Though many critics insist on reading it as a straight biopic, Blonde, based on the novel of the same title by Joyce Carol Oates, is a horror film about the creation of the image of Marilyn Monroe. Those who scorn the film as “dehumanizing,” “cruel,” or “torture porn” can’t tolerate the ambivalence and ambiguity that Blonde depicts and demands.
Nowhere was this clearer than in the response to the film’s depiction of abortion. Caren Spruch, Planned Parenthood’s director of arts-and-entertainment engagement, has called it “anti-abortion propaganda” that “stigmatize[s] people’s health-care decisions.” In fact, the film merely frames the dilemmas surrounding abortion in sharp terms—neither making a case for or against. Reactions to Blonde show how, long after the demise of the Hays Code, our moral censors are outraged by the depiction of certain realities.

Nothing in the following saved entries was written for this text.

(* Let $I_T\subseteq\mathbb{K}[x_1,\dots,x_d]$ be a toric ideal with $I_T\neq\langle x_1-1,\dots,x_d-1\rangle$. There exists a non-trivial linear loop whose invariant ideal is exactly $I_T$.
   Context: $\mathbb{K}=\overline{\mathbb{Q}}$. For an integer matrix $A=(a_{ij})\in\mathbb{Z}^{s\times d}$, let $\pi_A:\mathbb{K}[x_1,\dots,x_d]\to\mathbb{K}[z_1^{\pm1},\dots,z_s^{\pm1}]$ be the ring homomorphism sending $x_j\mapsto z_1^{a_{1j}}\cdots z_s^{a_{sj}}$; the toric ideal $I_A$ is the kernel of $\pi_A$, and a toric ideal is an ideal of the form $I_A$ for some integer matrix $A$. A linear loop with initial vector $\bm{s}\in\mathbb{Q}^d$ and update matrix $M\in\mathbb{Q}^{d\times d}$ has orbit $\{M^n\bm{s}: n\ge0\}$; a polynomial $P\in\mathbb{K}[\bm{x}]$ is an invariant if $P(M^n\bm{s})=0$ for all $n\ge0$, and the invariant ideal is the ideal of all invariants. The loop is non-trivial if its orbit is infinite. *)

theory Defs
  imports "Jordan_Normal_Form.Matrix" "HOL-Library.Poly_Mapping"
    "HOL-Computational_Algebra.Polynomial"
begin

text \<open>Multivariate polynomials in variables x_0,...,x_(d-1) (paper: x_1..x_d) are
 poly_mappings from monomials (exponent vectors nat =>0 nat) to coefficients.
 The field K = algebraic closure of Q is realised as the algebraic complex numbers.\<close>

type_synonym mpoly = "(nat \<Rightarrow>\<^sub>0 nat) \<Rightarrow>\<^sub>0 complex"

definition Kpolys :: "nat \<Rightarrow> mpoly set" where
  "Kpolys d = {p. (\<forall>m\<in>Poly_Mapping.keys p. Poly_Mapping.keys m \<subseteq> {..<d}) \<and> (\<forall>m. algebraic (Poly_Mapping.lookup p m))}"

definition Var :: "nat \<Rightarrow> mpoly" where
  "Var i = Poly_Mapping.single (Poly_Mapping.single i 1) 1"

definition eval_mpoly :: "mpoly \<Rightarrow> (nat \<Rightarrow> complex) \<Rightarrow> complex" where
  "eval_mpoly p x = (\<Sum>m\<in>Poly_Mapping.keys p. Poly_Mapping.lookup p m * (\<Prod>i\<in>Poly_Mapping.keys m. x i ^ Poly_Mapping.lookup m i))"

text \<open>Laurent polynomials in z_0..z_(s-1): exponent vectors nat =>0 int.\<close>
type_synonym lpoly = "(nat \<Rightarrow>\<^sub>0 int) \<Rightarrow>\<^sub>0 complex"

definition toric_exp :: "nat \<Rightarrow> nat \<Rightarrow> (nat \<Rightarrow> nat \<Rightarrow> int) \<Rightarrow> (nat \<Rightarrow>\<^sub>0 nat) \<Rightarrow> (nat \<Rightarrow>\<^sub>0 int)" where
  "toric_exp s d A m = Abs_poly_mapping (\<lambda>k. if k < s then (\<Sum>j<d. A k j * int (Poly_Mapping.lookup m j)) else 0)"

definition pi_A :: "nat \<Rightarrow> nat \<Rightarrow> (nat \<Rightarrow> nat \<Rightarrow> int) \<Rightarrow> mpoly \<Rightarrow> lpoly" where
  "pi_A s d A p = (\<Sum>m\<in>Poly_Mapping.keys p. Poly_Mapping.single (toric_exp s d A m) (Poly_Mapping.lookup p m))"

definition toric_ideal :: "nat \<Rightarrow> nat \<Rightarrow> (nat \<Rightarrow> nat \<Rightarrow> int) \<Rightarrow> mpoly set" where
  "toric_ideal s d A = {p \<in> Kpolys d. pi_A s d A p = 0}"

definition is_toric_ideal :: "nat \<Rightarrow> mpoly set \<Rightarrow> bool" where
  "is_toric_ideal d I \<longleftrightarrow> (\<exists>s A. I = toric_ideal s d A)"

definition ones_ideal :: "nat \<Rightarrow> mpoly set" where
  "ones_ideal d = {p. \<exists>q. (\<forall>i<d. q i \<in> Kpolys d) \<and> p = (\<Sum>i<d. q i * (Var i - 1))}"

definition loop_orbit :: "rat mat \<Rightarrow> rat vec \<Rightarrow> rat vec set" where
  "loop_orbit M s = {(M ^\<^sub>m n) *\<^sub>v s | n. True}"

definition nontrivial_loop :: "rat mat \<Rightarrow> rat vec \<Rightarrow> bool" where
  "nontrivial_loop M s \<longleftrightarrow> infinite (loop_orbit M s)"

definition vec_point :: "rat vec \<Rightarrow> nat \<Rightarrow> complex" where
  "vec_point v i = of_rat (v $ i)"

definition invariant_ideal :: "nat \<Rightarrow> rat mat \<Rightarrow> rat vec \<Rightarrow> mpoly set" where
  "invariant_ideal d M s = {P \<in> Kpolys d. \<forall>n. eval_mpoly P (vec_point ((M ^\<^sub>m n) *\<^sub>v s)) = 0}"

end

theory Submission
  imports Defs "HOL-Computational_Algebra.Primes" "HOL-Library.Infinite_Set"
begin

(* Let p_0, p_1, ... be the primes and lambda_j = prod_k p_k^(A k j) the prime code of the
   j-th column of A. The diagonal loop diag(lambda) started at (1, ..., 1) has n-th iterate
   (lambda_j^n)_j, at which a monomial x^m takes the value c(e)^n with e the image of m under
   pi_A and c(e) = prod_k p_k^(e k). Hence P(M^n s) = sum_e (pi_A P)_e c(e)^n. By unique
   factorisation c is injective, and geometric sequences with distinct ratios are linearly
   independent, so P is an invariant iff pi_A P = 0. The loop is non-trivial as soon as A has
   a nonzero entry; for A = 0, I_A consists of the polynomials whose coefficients sum to zero,
   which is exactly <x_1 - 1, ..., x_d - 1>. *)

subsection \<open>Algebraic numbers are closed under addition\<close>

definition rat_scale :: "rat \<Rightarrow> complex \<Rightarrow> complex" where
  "rat_scale r z = of_rat r * z"

interpretation rat_vs: vector_space rat_scale
  by unfold_locales (auto simp: rat_scale_def algebra_simps of_rat_add of_rat_mult)

lemma rat_vs_span_mult_Rats:
  assumes "q \<in> \<rat>" "x \<in> rat_vs.span F"
  shows "q * x \<in> rat_vs.span F"
proof -
  obtain r where "q = of_rat r" using assms(1) Rats_cases by blast
  then show ?thesis using rat_vs.span_scale[OF assms(2), of r] by (simp add: rat_scale_def)
qed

After a brief glimpse of the famous subway-grate image, we flash back to the childhood of Norma Jeane Baker, the girl who would one day be known as Marilyn Monroe. Norma Jeane’s mother, Gladys (played with manic depth by Julianne Nicholson), points to a black-and-white photograph over the bed: “That man is your father.” Shortly thereafter, they drive toward a blazing fire near the Hollywood sign, ash crackling and sparkling in the air. A policeman tells them to turn around and go home, but Gladys responds, “Actually, officer, I’d like to see hell close up. A preview.” Norma Jeane’s childhood, which occupies the first 17 minutes of the film, is shown in fever-dream clips of catastrophe. The image of her father hangs over Norma’s bed and appears again and again throughout the film. No matter how much attention she receives, she longs for recognition from this absent image.

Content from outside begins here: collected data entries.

lemma med_op_Cons:
  fixes a b c d x :: "'a::linorder"
  assumes "a \<le> min c d" "max c d \<le> b" "ys \<noteq> []"
  shows "med_op a b c d (x # ys) = med_op a b c d [x, med_op a b c d ys]"
proof -
  have swapped: "a \<le> min d c" "max d c \<le> b"
    using assms(1,2) by (simp_all add: min.commute max.commute)
  have "med_op a b c d (x # ys) = med_op a b d c (rev ys @ [x])"
    using med_op_rev[of "x # ys" a b d c] by simp
  also have "\<dots> = med_op a b d c [med_op a b c d ys, x]"
    using med_op_snoc[OF swapped, of "rev ys" x] med_op_rev[of ys a b d c] assms(3) by simp
  also have "\<dots> = med_op a b c d [x, med_op a b c d ys]"
    using med_op_rev[of "[x, med_op a b c d ys]" a b d c] by simp
  finally show ?thesis .
qed

lemma med_op_pair_assoc:
  fixes a b c d x y z :: "'a::linorder"
  assumes "a \<le> min c d" "max c d \<le> b"
  shows "med_op a b c d [med_op a b c d [x, y], z] = med_op a b c d [x, med_op a b c d [y, z]]"
  using med_op_snoc[OF assms, of "[x, y]" z] med_op_Cons[OF assms, of "[y, z]" x] by simp

lemma med_op_append:
  fixes a b c d :: "'a::linorder"
  assumes "a \<le> min c d" "max c d \<le> b" "xs \<noteq> []" "ys \<noteq> []"
  shows "med_op a b c d (xs @ ys) = med_op a b c d [med_op a b c d xs, med_op a b c d ys]"
  using assms(4)
proof (induction ys rule: rev_induct)
  case Nil
  then show ?case by simp
next
  case (snoc y ys)
  show ?case
  proof (cases "ys = []")
    case True
    then show ?thesis
      using med_op_snoc[OF assms(1-3)] med_op_pair_clamp_right[OF assms(1,2)] by simp
  next
    case False
    then show ?thesis
      using med_op_snoc[OF assms(1,2)] snoc.IH med_op_pair_assoc[OF assms(1,2)] assms(3)
      by (metis append_assoc append_is_Nil_conv)
  qed
qed

lemma med_op_append_right:
  fixes a b c d :: "'a::linorder"
  assumes "a \<le> min c d" "max c d \<le> b" "ys \<noteq> []"
  shows "med_op a b c d (xs @ ys) = med_op a b c d (xs @ [med_op a b c d ys])"
proof -
  have "a \<le> b" using assms(1,2) by (meson min.boundedE max.boundedE order_trans)
  then show ?thesis
    using med_op_append[OF assms(1,2) _ assms(3), of xs] med_op_append[OF assms(1,2), of xs]
    by (cases "xs = []") (simp_all add: med_op_bounded)
qed

lemma med_op_snoc_fixed:
  fixes a b c d t :: "'a::{linorder,order_bot,order_top}"
  assumes "a \<le> min c d" "max c d \<le> b"
    and "med_op a b c d (ys @ [bot]) \<le> t" "t \<le> med_op a b c d (ys @ [top])"
  shows "med_op a b c d (ys @ [t]) = t"
proof (cases "ys = []")
  case True
  have "a \<le> b" using assms(1,2) by (meson min.boundedE max.boundedE order_trans)
  with True assms(3,4) show ?thesis by (simp add: med_bot_top med_clamp)
next
  case False
  then show ?thesis
    using assms med_op_snoc[OF assms(1,2) False] med_op_pair_fixed_right[OF assms(1,2)] by simp
qed

lemma med_op_Cons_fixed:
  fixes a b c d t :: "'a::{linorder,order_bot,order_top}"
  assumes "a \<le> min c d" "max c d \<le> b"
    and "med_op a b c d (bot # zs) \<le> t" "t \<le> med_op a b c d (top # zs)"
  shows "med_op a b c d (t # zs) = t"
proof -
  have "a \<le> min d c" "max d c \<le> b"
    using assms by (simp_all add: min.commute max.commute)
  moreover have "med_op a b c d (x # zs) = med_op a b d c (rev zs @ [x])" for x
    using med_op_rev[of "x # zs" a b d c] by simp
  ultimately show ?thesis
    using assms(3,4) med_op_snoc_fixed by metis
qed

section \<open>Convex subsets of a chain\<close>

lemma chain_convexD:
  "chain_convex S \<Longrightarrow> s \<in> S \<Longrightarrow> s' \<in> S \<Longrightarrow> s \<le> t \<Longrightarrow> t \<le> s' \<Longrightarrow> t \<in> S"
  unfolding chain_convex_def by (metis order.order_iff_strict)

lemma chain_convex_UNIV [simp]: "chain_convex UNIV"
  by (simp add: chain_convex_def)

lemma chain_convex_mono_image:
  fixes g :: "'a::{linorder,order_bot,order_top} \<Rightarrow> 'a"
  assumes "mono g" and fixed: "\<And>t. g bot \<le> t \<Longrightarrow> t \<le> g top \<Longrightarrow> g t = t"
    and "chain_convex S"
  shows "chain_convex (g ` S)"
  unfolding chain_convex_def
proof (intro ballI allI impI)
  fix s s' t
  assume "s \<in> g ` S" "s' \<in> g ` S" and t: "s < t \<and> t < s'"
  then obtain x x' where x: "x \<in> S" "s = g x" and x': "x' \<in> S" "s' = g x'"
    by auto
  have "g bot \<le> s" "s' \<le> g top"
    using x x' \<open>mono g\<close> by (simp_all add: monoD)
  with t have gt: "g t = t"
    by (intro fixed) (auto dest: less_imp_le intro: order_trans)
  have "x \<le> t"
    using \<open>mono g\<close> gt x t by (metis leD monoD nle_le)
  moreover have "t \<le> x'"
    using \<open>mono g\<close> gt x' t by (metis leD monoD nle_le)
  ultimately have "t \<in> S"
    using x x' \<open>chain_convex S\<close> by (blast intro: chain_convexD)
  with gt show "t \<in> g ` S"
    by (metis image_eqI)
qed

lemma chain_convex_med_op_section:
  fixes a b c d :: "'a::{linorder,order_bot,order_top}"
  assumes "a \<le> min c d" "max c d \<le> b"
  shows "chain_convex (range (\<lambda>x. med_op a b c d (ys @ [x] @ zs)))"
proof -
  have "range (\<lambda>x. med_op a b c d (ys @ [x] @ zs)) =
      (\<lambda>s. med_op a b c d (ys @ [s])) ` range (\<lambda>x. med_op a b c d (x # zs))"
    using med_op_append_right[OF assms, of "_ # zs" ys] by (simp add: image_image)
  moreover have "chain_convex (range (\<lambda>x. med_op a b c d (x # zs)))"
    using med_op_mono[of _ _ a b c d "[]" zs] med_op_Cons_fixed[OF assms]
    by (intro chain_convex_mono_image) (auto intro: monoI)
  ultimately show ?thesis
    using med_op_mono[of _ _ a b c d ys "[]"] med_op_snoc_fixed[OF assms]
    by (auto intro!: chain_convex_mono_image monoI)
qed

Blonde pries open collective memories of the glamorous Marilyn Monroe to show how Norma Jeane’s ascent to fame was also a descent into oblivion. In a scene depicting Monroe’s screen test for Don’t Bother To Knock (1951), she tells the director that the script reminds her of Dostoevsky. He laughs this off, as though she couldn’t possibly have read such a writer. As she reads lines, tears streaming down her cheeks, she recalls, once again, an image of her father, which takes up the entire frame. We see the room from her point of view. “I know I could be Nell. I think I am Nell,” says Monroe, pleading for one more chance at the part. Later, as she leaves the room and the men discuss her performance, one of them says: “Look at the ass on that little girl.” Image overtakes person over and over again throughout the film’s nearly three hours.

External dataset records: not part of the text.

(* Fix $k\ge3$, $c>0$ and $\zeta\in(0,1]$ with $\zeta(k-1)c^{k-1}<e$. Let $F=F^{(k)}_{c,\zeta}$. Then for all bounded measurable $f,g:[0,1]\to\mathbb R_{>0}$, $$\|\log F^2(f)-\log F^2(g)\|_\infty\le(1-\delta)\|\log f-\log g\|_\infty,\qquad\delta=1-\zeta c^{k-1}(k-1)e^{-1}.$$
   Context: $\alpha_k=\frac12\sum_{i=1}^k\min\left(\frac1{i-1},\frac1{k-i}\right)$ (with $1/0=+\infty$). For $\ell\in\{1,\dots,k\}$, $I_\ell=\{-\ell+1,\dots,k-\ell\}\setminus\{0\}$ and $w(t,\ell)=\min\{\frac t{\ell-1},\frac{1-t}{k-\ell}\}$ (quotients by $0$ are $+\infty$). The operator $F^{(k)}_{c,\zeta}$ on bounded measurable $f:[0,1]\to\mathbb R_{>0}$ is $F^{(k)}_{c,\zeta}f(t)=c\exp\left[-\frac{\zeta}{\alpha_k}\sum_{\ell=1}^k\int_0^{w(t,\ell)}\prod_{i\in I_\ell}f(t+is)\,ds\right]$. $F^2=F\circ F$; $\|\cdot\|_\infty$ is the supremum norm. *)

theory Defs
  imports "HOL-Analysis.Analysis"
begin

text \<open>Quotients by 0 are +infinity; we realise min(1/0, x) = x explicitly.\<close>

definition alpha_k :: "nat \<Rightarrow> real" where
  "alpha_k k = (1/2) * (\<Sum>i=1..k.
     (if i = 1 \<and> k = i then 0
      else if i = 1 then 1 / real (k - i)
      else if k = i then 1 / real (i - 1)
      else min (1 / real (i - 1)) (1 / real (k - i))))"

definition wfun :: "nat \<Rightarrow> real \<Rightarrow> nat \<Rightarrow> real" where
  "wfun k t l =
     (if l = 1 then (1 - t) / real (k - l)
      else if l = k then t / real (l - 1)
      else min (t / real (l - 1)) ((1 - t) / real (k - l)))"

definition Iset :: "nat \<Rightarrow> nat \<Rightarrow> int set" where
  "Iset k l = {1 - int l .. int k - int l} - {0}"

definition Fop :: "nat \<Rightarrow> real \<Rightarrow> real \<Rightarrow> (real \<Rightarrow> real) \<Rightarrow> real \<Rightarrow> real" where
  "Fop k c \<zeta> f t = c * exp (- (\<zeta> / alpha_k k) *
     (\<Sum>l=1..k. set_lebesgue_integral lborel {0 .. wfun k t l}
        (\<lambda>s. \<Prod>i\<in>Iset k l. f (t + real_of_int i * s))))"

definition supnorm01 :: "(real \<Rightarrow> real) \<Rightarrow> ereal" where
  "supnorm01 h = (SUP t\<in>{0..1}. ereal \<bar>h t\<bar>)"

definition admissible :: "(real \<Rightarrow> real) \<Rightarrow> bool" where
  "admissible f \<longleftrightarrow> (\<forall>t\<in>{0..1}. f t > 0) \<and> bounded (f ` {0..1})
     \<and> f \<in> borel_measurable (restrict_space lborel {0..1})"

end

theory Submission
  imports Defs
begin

text \<open>Write F h = c exp (- B h) with B h = (\<zeta> / \<alpha>_k) S h, where S h t is the sum over l of the
  integrals of the products of h (t + i s), i \<in> I_l, over 0 \<le> s \<le> w(t,l). If
  |log f - log g| \<le> d, then f \<le> e^d g, and since each product has k - 1 factors,
  B f \<le> e^m B g and B g \<le> e^m B f with m = (k - 1) d. A product of k - 1 values of F h is
  c^(k-1) exp (- X h) with X h a sum of values of B h. As u \<mapsto> exp (- e^u) is 1/e-Lipschitz, the
  two-sided ratio bound between X f and X g gives |exp (- X f) - exp (- X g)| \<le> m / e.
  Integrating over s and summing over l costs a factor \<Sum>_l w(t,l) \<le> \<alpha>_k, which cancels the
  1/\<alpha>_k of the outer F, so that |log F(F f) - log F(F g)| \<le> \<zeta> c^(k-1) (k - 1) d / e.\<close>

section \<open>The weights w(t,l) and the constant \<alpha>_k\<close>

lemma shift_mem_unit_interval:
  assumes t: "t \<in> {0..1}" and l: "l \<in> {1..k}" and i: "i \<in> Iset k l"
    and s: "s \<in> {0..wfun k t l}"
  shows "t + real_of_int i * s \<in> {0..1}"
proof -
  have i_lower: "1 - int l \<le> i" and i_upper: "i \<le> int k - int l" and "i \<noteq> 0"
    using i by (auto simp: Iset_def)
  have s0: "0 \<le> s" and sw: "s \<le> wfun k t l" using s by auto
  show ?thesis
  proof (cases "i < 0")
    case True
    then have l2: "l \<ge> 2" using i_lower by linarith
    have "wfun k t l \<le> t / real (l - 1)"
      using l2 by (auto simp: wfun_def)
    then have "real (l - 1) * wfun k t l \<le> t"
      using l2 by (simp add: pos_le_divide_eq mult.commute)
    then have "real (l - 1) * s \<le> t"
      using sw by (smt (verit) mult_left_mono of_nat_0_le_iff)
    moreover have "- real (l - 1) * s \<le> real_of_int i * s"
      using i_lower s0 l2 by (intro mult_right_mono) (auto simp: of_nat_diff)
    moreover have "real_of_int i * s \<le> 0" using True s0 by (simp add: mult_nonpos_nonneg)
    ultimately show ?thesis using t by simp
  next
    case False
    then have "i > 0" using \<open>i \<noteq> 0\<close> by simp
    then have lk: "l < k" using i_upper by linarith
    have "wfun k t l \<le> (1 - t) / real (k - l)"
      using lk by (auto simp: wfun_def)
    then have "real (k - l) * wfun k t l \<le> 1 - t"
      using lk by (simp add: pos_le_divide_eq mult.commute)
    then have "real (k - l) * s \<le> 1 - t"
      using sw by (smt (verit) mult_left_mono of_nat_0_le_iff)
    moreover have "real_of_int i * s \<le> real (k - l) * s"
      using i_upper s0 lk by (intro mult_right_mono) (auto simp: of_nat_diff)
    moreover have "0 \<le> real_of_int i * s" using \<open>i > 0\<close> s0 by simp
    ultimately show ?thesis using t by simp
  qed
qed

Ana de Armas is mesmerizing as Norma Jeane, showing the complex ways she merges with and separates from the image of Marilyn Monroe in continuous plays of possession and exorcism. Monroe’s (fictional) polyamorous relationship with Charles Chaplin Jr. and Edward Robinson Jr. (played in darkly humorous fashion by Xavier Samuel and Evan Williams, respectively) is telling. In a surreal threesome scene, bodies merge, stretch, and melt like angelic funhouse mirrors. Suddenly the bed becomes the raging waterfall in the Monroe feature Niagara (1953). Like Marilyn, Chaplin and Robinson live in the shadow of their fathers’ images. About the duo, Monroe says, “They know I’m Norma, not Marilyn. They understand me.”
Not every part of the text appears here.